2. Description of the Related Art A conventional method for manufacturing a GaAs FET will be described.

First, an N-type active layer is formed on a semi-insulating gallium arsenide substrate by ion implantation, followed by ion implantation using a photoresist as a mask and annealing to form a high-concentration N-type layer for reducing contact resistance. ..

Next, after depositing a silicon nitride film or a silicon oxide film, the silicon oxide film or the silicon nitride film is side-etched by a predetermined distance by dry etching or wet etching using a photoresist as a mask.

Next, the N-type active layer on the surface of the substrate is etched to form a recess having a predetermined depth. Next, a gate metal is deposited using one of a photoresist, a silicon oxide film, and a silicon nitride film as a mask, and then lifted off to form a gate electrode, thereby completing the element portion.

GaAs FET formed in this way
Then, the positions of the high-concentration N-type layer, the gate electrode, and the recess are determined by patterning the respective photoresists.

[0007]

[Problems to be Solved by the Invention] Conventional GaAs FET
In the manufacturing method of 1., the positions of the high-concentration N-type layer, the gate electrode, and the recess are determined by patterning the respective photoresists. Therefore, due to misalignment of patterning,
The fluctuation of the distance between the high-concentration N-type layer and the gate electrode or recess is large.

In order to reduce the series resistance, it is preferable that the high-concentration N-type layer connected to the source electrode and the gate electrode are as close as possible, but there is a problem that the gate breakdown voltage is lowered if they are too close to each other.

[0009]

According to a method of manufacturing a semiconductor device of the present invention, an N-type active layer is formed on one main surface of a semi-insulating gallium arsenide substrate by ion implantation, and then a silicon oxide film is deposited on the entire surface.

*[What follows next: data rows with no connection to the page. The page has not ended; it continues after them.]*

(* For an integer $b\ge2$ let $O_{12(b-2)+k}$, $k\in\{1,5,7\}$, denote respectively $Y(b;(2,1),(3,2),(4,3))$, $Y(b;(2,1),(3,1),(4,3))$, $Y(b;(2,1),(3,2),(4,1))$, and let $X$ be its canonical negative definite plumbed 4-manifold, with intersection form $Q_X$ on $H_2(X;\mathbb{Z})$. Then for every $n\ge1$, the orthogonal direct sum of $n$ copies of $Q_X$ does not embed (as a lattice, i.e. by a homomorphism preserving the pairing) into the standard negative definite lattice $(\mathbb{Z}^{N},\langle-1\rangle^{N})$ with $N=n\cdot\mathrm{rk}(Q_X)$.
   Context: $Y(b;(\alpha_1,\beta_1),\dots,(\alpha_r,\beta_r))$ with $\alpha_i>\beta_i>0$ coprime and $b-\sum\beta_i/\alpha_i>0$ is the boundary of its canonical negative definite plumbing: a central vertex of weight $-b$ and, for each $i$, a leg with weights $-a_i^1,\dots,-a_i^{s_i}$ where $\alpha_i/\beta_i=a_i^1-1/(a_i^2-\cdots-1/a_i^{s_i})$, $a_i^j\ge2$ (vertices are disk bundles over $S^2$ of the given Euler numbers, edges are plumbings). Concretely: for $k=1$ the legs are $(-2)$, $(-2,-2)$, $(-2,-2,-2)$; for $k=5$ they are $(-2)$, $(-3)$, $(-2,-2,-2)$; for $k=7$ they are $(-2)$, $(-2,-2)$, $(-4)$. $Q_X$ is the intersection form in the basis of spheres corresponding to vertices. $(\mathbb{Z}^N,\langle-1\rangle^N)$ is $\mathbb{Z}^N$ with $e_i\cdot e_j=-\delta_{ij}$. *)

theory Defs
  imports Main
begin

text \<open>Hirzebruch--Jung continued fraction expansion:
  alpha/beta = a1 - 1/(a2 - ... - 1/as), all a_j >= 2 (for alpha > beta > 0 coprime).\<close>
function hj_expansion :: "nat \<Rightarrow> nat \<Rightarrow> nat list" where
  "hj_expansion \<alpha> \<beta> =
     (if \<beta> = 0 then []
      else (let a = (\<alpha> + \<beta> - 1) div \<beta> in a # hj_expansion \<beta> (a * \<beta> - \<alpha>)))"
  by pat_completeness auto
termination
proof (relation "measure snd")
  fix \<alpha> \<beta> :: nat and a
  assume "\<not> \<beta> = 0" and a: "a = (\<alpha> + \<beta> - 1) div \<beta>"
  have "a * \<beta> \<le> \<alpha> + \<beta> - 1" using a using div_times_less_eq_dividend[of "\<alpha> + \<beta> - 1" \<beta>] by (simp add: mult.commute)
  then show "((\<beta>, a * \<beta> - \<alpha>), \<alpha>, \<beta>) \<in> measure snd"
    using \<open>\<not> \<beta> = 0\<close> by auto
qed auto

declare hj_expansion.simps[simp del]

text \<open>Vertex 0 is the central vertex
  (weight -b); the legs follow consecutively, leg i having weights
  -a_i^1,...,-a_i^{s_i} with a_i^1 adjacent to the central vertex.\<close>

definition seifert_legs :: "(nat \<times> nat) list \<Rightarrow> nat list list" where
  "seifert_legs sinv = map (\<lambda>(\<alpha>, \<beta>). hj_expansion \<alpha> \<beta>) sinv"

definition star_weights :: "nat \<Rightarrow> nat list list \<Rightarrow> int list" where
  "star_weights b legs = (- int b) # concat (map (map (\<lambda>a. - int a)) legs)"

definition leg_start :: "nat list list \<Rightarrow> nat \<Rightarrow> nat" where
  "leg_start legs i = 1 + sum_list (map length (take i legs))"

definition star_edges :: "nat list list \<Rightarrow> (nat \<times> nat) set" where
  "star_edges legs =
     {(0, leg_start legs i) | i. i < length legs \<and> legs ! i \<noteq> []}
   \<union> {(leg_start legs i + j, leg_start legs i + j + 1) | i j.
        i < length legs \<and> j + 1 < length (legs ! i)}"

definition plumbing_form :: "int list \<Rightarrow> (nat \<times> nat) set \<Rightarrow> nat \<Rightarrow> nat \<Rightarrow> int" where
  "plumbing_form w E i j =
     (if i = j then w ! i else if (i, j) \<in> E \<or> (j, i) \<in> E then 1 else 0)"

definition plumbing_rank :: "nat \<Rightarrow> (nat \<times> nat) list \<Rightarrow> nat" where
  "plumbing_rank b sinv = length (star_weights b (seifert_legs sinv))"

definition plumbing_QX :: "nat \<Rightarrow> (nat \<times> nat) list \<Rightarrow> nat \<Rightarrow> nat \<Rightarrow> int" where
  "plumbing_QX b sinv =
     plumbing_form (star_weights b (seifert_legs sinv)) (star_edges (seifert_legs sinv))"

definition O_invariants :: "nat \<Rightarrow> (nat \<times> nat) list" where
  "O_invariants k =
     (if k = 1 then [(2,1),(3,2),(4,3)]
      else if k = 5 then [(2,1),(3,1),(4,3)]
      else [(2,1),(3,2),(4,1)])"

definition orth_sum_copies :: "nat \<Rightarrow> nat \<Rightarrow> (nat \<Rightarrow> nat \<Rightarrow> int) \<Rightarrow> nat \<Rightarrow> nat \<Rightarrow> int" where
  "orth_sum_copies n r Q i j = (if i div r = j div r then Q (i mod r) (j mod r) else 0)"

text \<open>A lattice embedding of (Z^m, Q) into (Z^N, <-1>^N): a Z-linear map, given by
  the images A i = (A i 0, ..., A i (N-1)) of the basis vectors e_i (i < m),
  preserving the pairing.\<close>
definition embeds_in_std_neg :: "nat \<Rightarrow> (nat \<Rightarrow> nat \<Rightarrow> int) \<Rightarrow> nat \<Rightarrow> bool" where
  "embeds_in_std_neg m Q N =
     (\<exists>A :: nat \<Rightarrow> nat \<Rightarrow> int. \<forall>i<m. \<forall>j<m. (\<Sum>l<N. - (A i l * A j l)) = Q i j)"

end

(*
  An embedding of n copies of Q_X into Z^N sends each (-2)-vertex to a root +-e_a +-e_c.
  Two orthogonal roots whose pairings with some third vertex differ in parity have disjoint
  supports; so for a suitable set S of (-2)-vertices the n|S| images use 2n|S| distinct
  coordinates.  For k = 1 this exceeds N = 7n.  For k = 5 these roots use every coordinate,
  and then the (-3)-vertex, orthogonal to all of them, would have even square by parity.
  For k = 7 the roots of the two (-2)-vertices next to the centre leave n coordinates free,
  which the roots of the remaining (-2)-vertex must fill, one coordinate each.  Counting the
  squared coordinates of the image w of the (-4)-vertex over these two regions forces w to
  live on the first family with total weight 2, and pairing w with the sum of the images of
  the central vertices gives a parity contradiction.
*)
theory Submission
  imports Defs
begin

definition dot :: "nat \<Rightarrow> (nat \<Rightarrow> int) \<Rightarrow> (nat \<Rightarrow> int) \<Rightarrow> int" where
  "dot N u v = (\<Sum>l<N. u l * v l)"

lemma dot_self: "dot N u u = (\<Sum>l<N. (u l)^2)"
  by (simp add: dot_def power2_eq_square)

lemma dot_sum_left: "dot N (\<lambda>l. \<Sum>q\<in>Q. U q l) v = (\<Sum>q\<in>Q. dot N (U q) v)"
  unfolding dot_def by (simp add: sum_distrib_right sum.swap[of _ "{..<N}"])

lemma dot_parity: "even (dot N u v - (\<Sum>l<N. (u l)^2 * (v l)^2))"
proof -
  have "dot N u v - (\<Sum>l<N. (u l)^2 * (v l)^2) = (\<Sum>l<N. u l * v l - (u l * v l)^2)"
    by (simp add: dot_def sum_subtractf power_mult_distrib)
  also have "even \<dots>"
    by (intro dvd_sum) (simp add: power2_eq_square)
  finally show ?thesis .
qed

lemma sum_lessThan_two_points:
  fixes f :: "nat \<Rightarrow> 'a::comm_monoid_add"
  assumes "a < N" "c < N" "a \<noteq> c" "\<forall>l<N. l \<noteq> a \<longrightarrow> l \<noteq> c \<longrightarrow> f l = 0"
  shows "(\<Sum>l<N. f l) = f a + f c"
proof -
  have "(\<Sum>l<N. f l) = (\<Sum>l\<in>{a, c}. f l)"
    using assms by (intro sum.mono_neutral_right) auto
  then show ?thesis using assms(3) by simp
qed

lemma nonneg_sum_lessThan_eq_0:
  fixes f :: "nat \<Rightarrow> 'a::ordered_comm_monoid_add"
  assumes "(\<Sum>l<N. f l) = 0" "\<forall>l<N. 0 \<le> f l"
  shows "\<forall>l<N. f l = 0"
  using assms sum_nonneg_eq_0_iff[of "{..<N}" f] by simp

lemma root_entry:
  assumes "dot N u u = 2" "l < N"
  shows "u l \<in> {-1, 0, 1}"
proof -
  have "(u l)^2 \<le> (\<Sum>l<N. (u l)^2)"
    using assms(2) by (intro member_le_sum) auto
  then have "\<bar>u l\<bar>^2 < 2^2"
    using assms(1) by (simp add: dot_self)
  then have "\<bar>u l\<bar> < 2"
    by (rule power_less_imp_less_base) simp
  then show ?thesis by auto
qed

lemma root_entry_sq:
  assumes "dot N u u = 2" "l < N"
  shows "(u l)^2 = of_bool (u l \<noteq> 0)"
  using root_entry[OF assms] by auto

lemma root_support:
  assumes "dot N u u = 2"
  obtains a c where "a < N" "c < N" "a \<noteq> c" "(u a)^2 = 1" "(u c)^2 = 1"
    "\<forall>l<N. l \<noteq> a \<longrightarrow> l \<noteq> c \<longrightarrow> u l = 0"
proof -
  have "2 = (\<Sum>l<N. (u l)^2)"
    using assms by (simp add: dot_self)
  also have "\<dots> = (\<Sum>l<N. of_bool (u l \<noteq> 0))"
    using root_entry_sq[OF assms] by simp
  finally have "card {l\<in>{..<N}. u l \<noteq> 0} = 2"
    by (simp add: Int_def)
  then obtain a c where ac: "{l\<in>{..<N}. u l \<noteq> 0} = {a, c}" "a \<noteq> c"
    by (auto simp: card_2_iff)
  then have "a < N" "c < N" "u a \<noteq> 0" "u c \<noteq> 0" by blast+
  then have "(u a)^2 = 1" "(u c)^2 = 1"
    using root_entry_sq[OF assms] by simp_all
  moreover have "\<forall>l<N. l \<noteq> a \<longrightarrow> l \<noteq> c \<longrightarrow> u l = 0" using ac by blast
  ultimately show ?thesis
    using that ac(2) \<open>a < N\<close> \<open>c < N\<close> by blast
qed

lemma orthogonal_roots_same_support:
  assumes u: "dot N u u = 2" and v: "dot N v v = 2" and uv: "dot N u v = 0"
    and shared: "l < N" "u l * v l \<noteq> 0"
  shows "\<forall>l<N. u l = 0 \<longleftrightarrow> v l = 0"
proof -
  obtain a c where ac: "a < N" "c < N" "a \<noteq> c" "(u a)^2 = 1" "(u c)^2 = 1"
    "\<forall>l<N. l \<noteq> a \<longrightarrow> l \<noteq> c \<longrightarrow> u l = 0"
    by (rule root_support[OF u])
  have "u a * v a + u c * v c = 0"
    using uv ac sum_lessThan_two_points[of a N c "\<lambda>l. u l * v l"] by (simp add: dot_def)
  moreover have "v a \<noteq> 0 \<or> v c \<noteq> 0"
    using ac shared by auto
  moreover have "u a \<in> {-1, 1}" "u c \<in> {-1, 1}" "v a \<in> {-1, 0, 1}" "v c \<in> {-1, 0, 1}"
    using ac root_entry[OF u] root_entry[OF v] by (auto simp: power2_eq_1_iff)
  ultimately have "(v a)^2 = 1" "(v c)^2 = 1" by auto
  then have "(\<Sum>l\<in>{..<N} - {a, c}. (v l)^2) = 0"
    using v ac sum.subset_diff[of "{a, c}" "{..<N}" "\<lambda>l. (v l)^2"] by (simp add: dot_self)
  then have "\<forall>l\<in>{..<N} - {a, c}. v l = 0"
    by (subst (asm) sum_nonneg_eq_0_iff) auto
  then show ?thesis
    using ac \<open>(v a)^2 = 1\<close> \<open>(v c)^2 = 1\<close> by auto
qed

A step of forming a first photoresist pattern having an ohmic electrode planned region as an opening, and a step of wet-etching the silicon oxide film using the first photoresist as a mask and side-etching a predetermined distance. A step of forming a high concentration N-type layer by ion implantation using the first photoresist as a mask, a step of performing a heat treatment after removing the first photoresist, a silicon nitride film is deposited on the entire surface, and a gate is formed. A step of forming a second photoresist pattern having an opening in the electrode planned region; and using the second photoresist as a mask, A step of dry etching the silicon oxide film and then completely removing the silicon oxide film by wet etching; and a step of etching the N-type active layer using the silicon nitride film as a mask to form a recess of a predetermined depth. And a step of depositing a gate metal by using the second photoresist or the silicon nitride film as a mask to form a gate electrode made of the gate metal.

[0010]

EXAMPLE FIG. 1A shows a first example of the present invention.
This will be described with reference to (c).

First, as shown in FIG. 1A, ions are implanted into a semi-insulating gallium arsenide substrate 1 to form an N-type active layer 2. Next, a 100-nm-thick silicon oxide film 3 is deposited on the entire surface, and the photoresist 4 is used as a mask in a ratio of 1: 6.
The silicon oxide film 3 is etched with the buffered hydrofluoric acid and the side etching 6 is performed for a predetermined distance. Next, a high concentration N-type layer 5 is formed by ion implantation, and then the photoresist 4 is peeled off with an organic solvent and annealed.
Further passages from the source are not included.